Костя начинал в позиции человека, которому всё на свете приелось. Которому хотелось обожания ненавидящей людей девочки. В руках подержать, вкусом насладиться. А потом хоть раздавить, хоть выбросить. Неважно. Так далеко он ни разу не думал.
Начинал вальяжно, самоуверенно, а закончил… Лёжа на лопатках.
Сам же наворотил херни. Костя прекрасно это понимал. И ушел в ту ночь потому, что впервые в жизни почувствовал себя одновременно виноватым и неспособным что-то сделать, чтобы исправить.
Серьги больше не притащишь. «Ты меня бесишь» больше не отделаешься.
Это уже не «проебался», это уже предал.
Костю никогда не трогали слезы. Ни женские, ни детские, ни мужские. Он видел все варианты. Его слезливо просили. Его пытались расчувствовать. От физической боли перед ним тоже плакали. Часто это было действительно искренне. Но ни разу не дернуло за хоть какую-то струну. Так же, как когда-то любопытно было препарировать, будто лягушонка, влюбленность Агаты, ему всегда забавно было наблюдать за плачущими людьми.
Но та ночь стала для Кости по-настоящему во всем особенной. Исключительно откровенной.
Они с Замочком могли заниматься сексом как-угодно, она могла стонать, кричать, извиваться, терять контроль, шептать бессвязно, но только увидев, как отчаянно Агата рыдает от душевной боли, им причиненной, он понял, насколько важен был для нее.
Тогда Костя сам оказался у нее под кожей. Он сам будто заболел.
Казавшееся ему параллельным, на самом деле пересекло Агате сердце таким же порезом, как кто-то когда-то рассек её щеку.
Что сказать или сделать Костя не знал. Первые несколько минут, выйдя из ванной, бесился даже, потом, когда попыталась угрожать, почувствовал разочарование, а дальше разом схлынуло всё из привычного.
Остались только её боль и собственное тупое бессилие.
Максимально несвойствые и непонятные для Кости чувства.
Он ушел, будто мешком по башке долбанули.
Он правда думал, что это финал. Вот такой несуразный.
Поначалу не чувствовал ничего, кроме нытья в груди. Постоянного, но терпимого. Он тоже ведь понимал, что рано или поздно игра закончится. Просто не сомневался, что по его инициативе. Не потому, что самомнение такое. Скорее опыт и интуиция. А получилось…
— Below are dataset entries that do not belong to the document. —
(* Let $V$ be a vector space. For sentences $S=S_1|\cdots|S_n$ and $W=W_1|\cdots|W_k$ in $T(T(V)_+)$ with all $S_i,W_j\in T(V)_+$ and $n,k\ge1$: $S*W=\sum_{f}\big(S_1*W_{f^{-1}(\{1\})}\big)|\cdots|\big(S_n*W_{f^{-1}(\{n\})}\big)$, where the sum runs over all injective maps $f:\{1,\dots,k\}\hookrightarrow\{1,\dots,n\}$ (so the sum is $0$ if $k>n$).
   Context: $T(V)_+=\bigoplus_{n\ge1}V^{\otimes n}$ with $*$ the concatenation product of $T(V)$. $T(T(V)_+)$ is the tensor Hopf algebra on $T(V)_+$ (sentences), product $|$, elements of $T(V)_+$ primitive. For $I=\{i_1<\dots<i_l\}\subseteq\{1,\dots,k\}$, $W_I=W_{i_1}|\cdots|W_{i_l}$, and $W_\emptyset=1$. The product $*$ is extended to $T(T(V)_+)$ as the unique bilinear map with, for all $f,g,h\in T(T(V)_+)$ and $y\in T(V)_+$: $\varepsilon(f*g)=\varepsilon(f)\varepsilon(g)$; $\Delta(f*g)=\Delta(f)*\Delta(g)$; $f*1=f$; $1*f=\varepsilon(f)1$; $f*(g|y)=(f*g)*y-f*(g*y)$; $(f|g)*h=(f*h^{(1)})|(g*h^{(2)})$; $(f*g)*h=f*\big((g*h^{(1)})|h^{(2)}\big)$. *)

theory Defs
  imports "HOL-Library.FuncSet"
begin

text \<open>
  V is the free vector space over a field 'k with basis 'a (every vector space
  has a basis). T(V) is represented by finitely supported coefficient functions on
  words ('a list), T(V)_+ by those vanishing on the empty word. T(T(V)_+) is
  represented by finitely supported coefficient functions on sentences
  ('a list list) supported on sentences all of whose words are nonempty.
  Tensors in T(T(V)_+) (x) T(T(V)_+) are coefficient functions on pairs of sentences.
\<close>

type_synonym ('a,'k) tv = "'a list \<Rightarrow> 'k"
type_synonym ('a,'k) tt = "'a list list \<Rightarrow> 'k"
type_synonym ('a,'k) tt2 = "'a list list \<times> 'a list list \<Rightarrow> 'k"

definition fsupp :: "('b \<Rightarrow> 'k::zero) \<Rightarrow> bool" where
  "fsupp f \<longleftrightarrow> finite {s. f s \<noteq> 0}"

definition TVp :: "('a,'k::zero) tv set" where
  "TVp = {w. fsupp w \<and> w [] = 0}"

definition TTp :: "('a,'k::zero) tt set" where
  "TTp = {x. fsupp x \<and> (\<forall>s. x s \<noteq> 0 \<longrightarrow> (\<forall>w\<in>set s. w \<noteq> []))}"

definition vadd :: "('b \<Rightarrow> 'k::comm_ring_1) \<Rightarrow> ('b \<Rightarrow> 'k) \<Rightarrow> 'b \<Rightarrow> 'k" where
  "vadd f g = (\<lambda>s. f s + g s)"
definition vsub :: "('b \<Rightarrow> 'k::comm_ring_1) \<Rightarrow> ('b \<Rightarrow> 'k) \<Rightarrow> 'b \<Rightarrow> 'k" where
  "vsub f g = (\<lambda>s. f s - g s)"
definition vsmul :: "'k::comm_ring_1 \<Rightarrow> ('b \<Rightarrow> 'k) \<Rightarrow> 'b \<Rightarrow> 'k" where
  "vsmul c f = (\<lambda>s. c * f s)"
definition vzero :: "'b \<Rightarrow> 'k::comm_ring_1" where
  "vzero = (\<lambda>s. 0)"
definition vsum :: "('i \<Rightarrow> 'b \<Rightarrow> 'k::comm_ring_1) \<Rightarrow> 'i set \<Rightarrow> 'b \<Rightarrow> 'k" where
  "vsum F I = (\<lambda>s. \<Sum>i\<in>I. F i s)"

definition delta :: "'b \<Rightarrow> 'b \<Rightarrow> 'k::comm_ring_1" where
  "delta b = (\<lambda>s. if s = b then 1 else 0)"

definition tvcat :: "('a,'k::comm_ring_1) tv \<Rightarrow> ('a,'k) tv \<Rightarrow> ('a,'k) tv" where
  "tvcat u w = (\<lambda>x. \<Sum>i\<le>length x. u (take i x) * w (drop i x))"

definition bar :: "('a,'k::comm_ring_1) tt \<Rightarrow> ('a,'k) tt \<Rightarrow> ('a,'k) tt" where
  "bar f g = (\<lambda>u. \<Sum>i\<le>length u. f (take i u) * g (drop i u))"

definition one :: "('a,'k::comm_ring_1) tt" where
  "one = delta []"

definition eps :: "('a,'k::comm_ring_1) tt \<Rightarrow> 'k" where
  "eps f = f []"

definition emb :: "('a,'k::comm_ring_1) tv \<Rightarrow> ('a,'k) tt" where
  "emb w = (\<lambda>s. case s of [v] \<Rightarrow> w v | _ \<Rightarrow> 0)"

text \<open>Interleaving of p and q according to the position set I of p\<close>
definition merge :: "nat set \<Rightarrow> 'b list \<Rightarrow> 'b list \<Rightarrow> 'b list" where
  "merge I p q = map (\<lambda>i. if i \<in> I then p ! card {j\<in>I. j < i}
                                   else q ! card {j. j < i \<and> j \<notin> I})
                     [0..<length p + length q]"

text \<open>Deshuffle coproduct of the tensor Hopf algebra T(T(V)_+) (words of T(V)_+ primitive)\<close>
definition Delta :: "('a,'k::comm_ring_1) tt \<Rightarrow> ('a,'k) tt2" where
  "Delta x = (\<lambda>(p,q). \<Sum>I\<in>{I. I \<subseteq> {..<length p + length q} \<and> card I = length p}.
                        x (merge I p q))"

definition tens :: "('a,'k::comm_ring_1) tt \<Rightarrow> ('a,'k) tt \<Rightarrow> ('a,'k) tt2" where
  "tens f g = (\<lambda>(p,q). f p * g q)"

text \<open>Sweedler-type expansion: for a finitely supported tensor X = sum of X(p,q) p (x) q,
  tsum X F = sum of X(p,q) F(p,q), F evaluated on the basis sentences.\<close>
definition tsum :: "('a,'k::comm_ring_1) tt2 \<Rightarrow> (('a,'k) tt \<Rightarrow> ('a,'k) tt \<Rightarrow> ('b \<Rightarrow> 'k)) \<Rightarrow> 'b \<Rightarrow> 'k" where
  "tsum X F = vsum (\<lambda>pq. vsmul (X pq) (F (delta (fst pq)) (delta (snd pq)))) {pq. X pq \<noteq> 0}"

definition is_star_ext :: "(('a,'k::comm_ring_1) tt \<Rightarrow> ('a,'k) tt \<Rightarrow> ('a,'k) tt) \<Rightarrow> bool" where
  "is_star_ext st \<longleftrightarrow>
    (\<forall>f\<in>TTp. \<forall>g\<in>TTp. st f g \<in> TTp) \<and>
    (\<forall>f\<in>TTp. \<forall>g\<in>TTp. \<forall>h\<in>TTp. \<forall>c.
        st (vadd (vsmul c f) g) h = vadd (vsmul c (st f h)) (st g h) \<and>
        st h (vadd (vsmul c f) g) = vadd (vsmul c (st h f)) (st h g)) \<and>
    (\<forall>u\<in>TVp. \<forall>w\<in>TVp. st (emb u) (emb w) = emb (tvcat u w)) \<and>
    (\<forall>f\<in>TTp. \<forall>g\<in>TTp. eps (st f g) = eps f * eps g) \<and>
    (\<forall>f\<in>TTp. \<forall>g\<in>TTp. Delta (st f g) =
        tsum (Delta f) (\<lambda>a b. tsum (Delta g) (\<lambda>c d. tens (st a c) (st b d)))) \<and>
    (\<forall>f\<in>TTp. st f one = f) \<and>
    (\<forall>f\<in>TTp. st one f = vsmul (eps f) one) \<and>
    (\<forall>f\<in>TTp. \<forall>g\<in>TTp. \<forall>y\<in>TVp.
        st f (bar g (emb y)) = vsub (st (st f g) (emb y)) (st f (st g (emb y)))) \<and>
    (\<forall>f\<in>TTp. \<forall>g\<in>TTp. \<forall>h\<in>TTp.
        st (bar f g) h = tsum (Delta h) (\<lambda>a b. bar (st f a) (st g b))) \<and>
    (\<forall>f\<in>TTp. \<forall>g\<in>TTp. \<forall>h\<in>TTp.
        st (st f g) h = st f (tsum (Delta h) (\<lambda>a b. bar (st g a) b)))"

definition bars :: "('a,'k::comm_ring_1) tt list \<Rightarrow> ('a,'k) tt" where
  "bars xs = foldr bar xs one"

definition W_sub :: "(nat \<Rightarrow> ('a,'k::comm_ring_1) tv) \<Rightarrow> nat set \<Rightarrow> ('a,'k) tt" where
  "W_sub W I = bars (map (\<lambda>j. emb (W j)) (sorted_list_of_set I))"

end

theory Submission
  imports Defs
begin

(* The word y = W_{k+1} is primitive, so right multiplication by y is a
   derivation of |: (S_1|...|S_n) * y is the sum over i of the sentences in which S_i is
   replaced by S_i * y. Hence in the recursion S*(g|y) = (S*g)*y - S*(g*y), g = W_1|...|W_k,
   the term (S*g)*y lets y be absorbed, in the summand of S*g indexed by an injection phi,
   by any of its n factors. Absorption by a factor outside the image of phi gives exactly the
   summands indexed by the injections of {1..k+1}; absorption by the factor phi(j) gives the
   summand indexed by phi of S*(W_1|...|W_j*y|...|W_k), and these cancel against S*(g*y). *)

section \<open>Cauchy product on words\<close>

definition conv :: "('b list \<Rightarrow> 'k::comm_ring_1) \<Rightarrow> ('b list \<Rightarrow> 'k) \<Rightarrow> 'b list \<Rightarrow> 'k" where
  "conv u w = (\<lambda>x. \<Sum>i\<le>length x. u (take i x) * w (drop i x))"

lemma tvcat_eq_conv: "tvcat = conv"
  by (simp add: fun_eq_iff tvcat_def conv_def)

lemma bar_eq_conv: "bar = conv"
  by (simp add: fun_eq_iff bar_def conv_def)

lemma sum_atMost_triangle_shift:
  "(\<Sum>i\<le>n. \<Sum>j\<le>i. g j i) = (\<Sum>j\<le>n. \<Sum>l\<le>n - j. g j (j + l::nat))"
proof (induction n)
  case (Suc n)
  have "(\<Sum>j\<le>n. \<Sum>l\<le>Suc n - j. g j (j + l)) = (\<Sum>j\<le>n. (\<Sum>l\<le>n - j. g j (j + l)) + g j (Suc n))"
  proof (rule sum.cong)
    fix j assume "j \<in> {..n}"
    then have "Suc n - j = Suc (n - j)" "j + Suc (n - j) = Suc n" by auto
    then show "(\<Sum>l\<le>Suc n - j. g j (j + l)) = (\<Sum>l\<le>n - j. g j (j + l)) + g j (Suc n)" by simp
  qed simp
  then show ?case using Suc by (simp add: sum.distrib add.assoc)
qed simp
Что порвала она. Виновник он. И отмахнуться не получается.
То, что поначалу просто поднывало, начинает будить её воображаемыми слезами, превращаясь из царапины в гангрену. Температура растет. Воспаление распространяется по организму с кровью, доставляя мучительную боль уже ему.
И снова бесит… Но уже то, что у неё, наверное, наоборот. Случилась вспышка, а потом с каждым днем становилось легче. А у него нет. Потеря сна и способности концентрироваться. Отторжение себя и людей, которые со всем этим связаны.
Попытки понять, какого хера он вот о таком-то не подумал… Попытки понять, какого хера он должен был думать о таком…
Костя знал, что нужно делать в теории. Забить. Нахуй. Болт. Смириться.
А вместо этого…
Возвращался мыслями в квартирку. Думал, как бы вернуться в неё не мыслями. Злился-злился-злился.
На себя. На маленькую заразу, которая тихой сапой пробралась слишком глубоко. Которая приучила к себе. Приручила собой.
Данное которой слово он-то держал. Но говорить об этом — бессмысленно. Потому что ей нужно было больше, чем просто чтобы не трахал других.
А ему нужно больше теперь. Не просто эксклюзивный вход за семь замков. Не просто согласная всегда и на всё человечка.
Вкус потери поменял значение. Это перестало быть развлечением. Это стало условием существования. Жизненной необходимостью.
Достаточно сильной, чтобы снова появиться на её пороге. Лишить выбора её, сделав свой.
Его никто и никогда не любил. Он не думал даже, что это возможно. А получив… Просрал. Но всё поправимо, если Косте очень хочется…
В чем ценность продолжать имитировать с другой то, что с Агатой можно реально получить? Они совпали. Они влюбились. Они дурные, но вдвоем им слишком хорошо. Они уже слишком близко. С другой вот так не будет. Ни с этой, ни со следующей. Ни с одной не будет…
Он не советовался ни с Полиной, ни с Гаврилой. Просто поставил перед фактом, что планы меняются.
Первая восприняла стойко. Наверное, этого и ждала. Второй долго смотрел, но ничего не сказал. Слишком обязан… А может даже отчасти его понимает. По-дружески.
Сам же сказал когда-то, что если Косте очень не повезет… Косте, кажется, не повезло.